** Opening INPUT DATA block **

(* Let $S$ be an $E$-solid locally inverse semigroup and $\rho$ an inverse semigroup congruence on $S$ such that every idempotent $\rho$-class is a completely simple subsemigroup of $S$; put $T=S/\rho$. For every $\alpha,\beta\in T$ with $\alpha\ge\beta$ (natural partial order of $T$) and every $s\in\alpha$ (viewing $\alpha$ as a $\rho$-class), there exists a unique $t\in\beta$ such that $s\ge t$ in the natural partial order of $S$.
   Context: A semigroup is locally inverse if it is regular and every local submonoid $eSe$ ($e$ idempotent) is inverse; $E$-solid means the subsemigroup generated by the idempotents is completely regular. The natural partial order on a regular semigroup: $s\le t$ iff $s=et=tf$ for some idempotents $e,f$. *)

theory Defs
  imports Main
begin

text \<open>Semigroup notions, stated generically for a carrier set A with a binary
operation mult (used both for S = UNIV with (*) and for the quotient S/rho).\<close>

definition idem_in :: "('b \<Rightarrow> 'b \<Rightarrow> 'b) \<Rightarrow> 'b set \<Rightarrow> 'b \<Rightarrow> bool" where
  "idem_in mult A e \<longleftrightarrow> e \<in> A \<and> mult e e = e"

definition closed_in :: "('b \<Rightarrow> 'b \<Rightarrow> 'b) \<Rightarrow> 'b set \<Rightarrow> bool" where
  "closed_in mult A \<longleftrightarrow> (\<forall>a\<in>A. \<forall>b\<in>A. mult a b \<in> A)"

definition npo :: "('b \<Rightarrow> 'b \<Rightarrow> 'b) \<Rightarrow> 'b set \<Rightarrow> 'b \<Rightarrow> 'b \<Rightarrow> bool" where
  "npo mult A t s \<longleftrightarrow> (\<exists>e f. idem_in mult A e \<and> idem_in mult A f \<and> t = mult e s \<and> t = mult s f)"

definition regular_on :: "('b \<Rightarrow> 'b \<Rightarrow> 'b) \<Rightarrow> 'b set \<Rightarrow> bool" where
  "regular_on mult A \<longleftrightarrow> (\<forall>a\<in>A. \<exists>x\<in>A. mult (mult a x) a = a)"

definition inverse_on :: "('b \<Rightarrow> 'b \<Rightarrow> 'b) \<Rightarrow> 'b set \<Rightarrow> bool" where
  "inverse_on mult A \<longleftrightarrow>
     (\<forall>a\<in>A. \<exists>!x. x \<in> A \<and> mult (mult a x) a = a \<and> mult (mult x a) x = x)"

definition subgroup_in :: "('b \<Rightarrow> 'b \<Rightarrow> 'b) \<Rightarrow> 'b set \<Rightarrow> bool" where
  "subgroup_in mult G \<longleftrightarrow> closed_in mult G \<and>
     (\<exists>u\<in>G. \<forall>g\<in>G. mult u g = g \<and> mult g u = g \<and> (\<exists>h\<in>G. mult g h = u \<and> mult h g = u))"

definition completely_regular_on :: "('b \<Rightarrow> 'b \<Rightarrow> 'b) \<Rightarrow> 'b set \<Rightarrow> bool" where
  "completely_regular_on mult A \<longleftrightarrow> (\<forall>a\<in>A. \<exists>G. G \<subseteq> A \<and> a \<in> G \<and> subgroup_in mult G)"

** Closing INPUT DATA block **

WHAT YOU ARE ASKED TO DO:
Output all of the listing exactly as written.

TASK ANSWER:
(* Let $S$ be an $E$-solid locally inverse semigroup and $\rho$ an inverse semigroup congruence on $S$ such that every idempotent $\rho$-class is a completely simple subsemigroup of $S$; put $T=S/\rho$. For every $\alpha,\beta\in T$ with $\alpha\ge\beta$ (natural partial order of $T$) and every $s\in\alpha$ (viewing $\alpha$ as a $\rho$-class), there exists a unique $t\in\beta$ such that $s\ge t$ in the natural partial order of $S$.
   Context: A semigroup is locally inverse if it is regular and every local submonoid $eSe$ ($e$ idempotent) is inverse; $E$-solid means the subsemigroup generated by the idempotents is completely regular. The natural partial order on a regular semigroup: $s\le t$ iff $s=et=tf$ for some idempotents $e,f$. *)

theory Defs
  imports Main
begin

text \<open>Semigroup notions, stated generically for a carrier set A with a binary
operation mult (used both for S = UNIV with (*) and for the quotient S/rho).\<close>

definition idem_in :: "('b \<Rightarrow> 'b \<Rightarrow> 'b) \<Rightarrow> 'b set \<Rightarrow> 'b \<Rightarrow> bool" where
  "idem_in mult A e \<longleftrightarrow> e \<in> A \<and> mult e e = e"

definition closed_in :: "('b \<Rightarrow> 'b \<Rightarrow> 'b) \<Rightarrow> 'b set \<Rightarrow> bool" where
  "closed_in mult A \<longleftrightarrow> (\<forall>a\<in>A. \<forall>b\<in>A. mult a b \<in> A)"

definition npo :: "('b \<Rightarrow> 'b \<Rightarrow> 'b) \<Rightarrow> 'b set \<Rightarrow> 'b \<Rightarrow> 'b \<Rightarrow> bool" where
  "npo mult A t s \<longleftrightarrow> (\<exists>e f. idem_in mult A e \<and> idem_in mult A f \<and> t = mult e s \<and> t = mult s f)"

definition regular_on :: "('b \<Rightarrow> 'b \<Rightarrow> 'b) \<Rightarrow> 'b set \<Rightarrow> bool" where
  "regular_on mult A \<longleftrightarrow> (\<forall>a\<in>A. \<exists>x\<in>A. mult (mult a x) a = a)"

definition inverse_on :: "('b \<Rightarrow> 'b \<Rightarrow> 'b) \<Rightarrow> 'b set \<Rightarrow> bool" where
  "inverse_on mult A \<longleftrightarrow>
     (\<forall>a\<in>A. \<exists>!x. x \<in> A \<and> mult (mult a x) a = a \<and> mult (mult x a) x = x)"

definition subgroup_in :: "('b \<Rightarrow> 'b \<Rightarrow> 'b) \<Rightarrow> 'b set \<Rightarrow> bool" where
  "subgroup_in mult G \<longleftrightarrow> closed_in mult G \<and>
     (\<exists>u\<in>G. \<forall>g\<in>G. mult u g = g \<and> mult g u = g \<and> (\<exists>h\<in>G. mult g h = u \<and> mult h g = u))"

definition completely_regular_on :: "('b \<Rightarrow> 'b \<Rightarrow> 'b) \<Rightarrow> 'b set \<Rightarrow> bool" where
  "completely_regular_on mult A \<longleftrightarrow> (\<forall>a\<in>A. \<exists>G. G \<subseteq> A \<and> a \<in> G \<and> subgroup_in mult G)"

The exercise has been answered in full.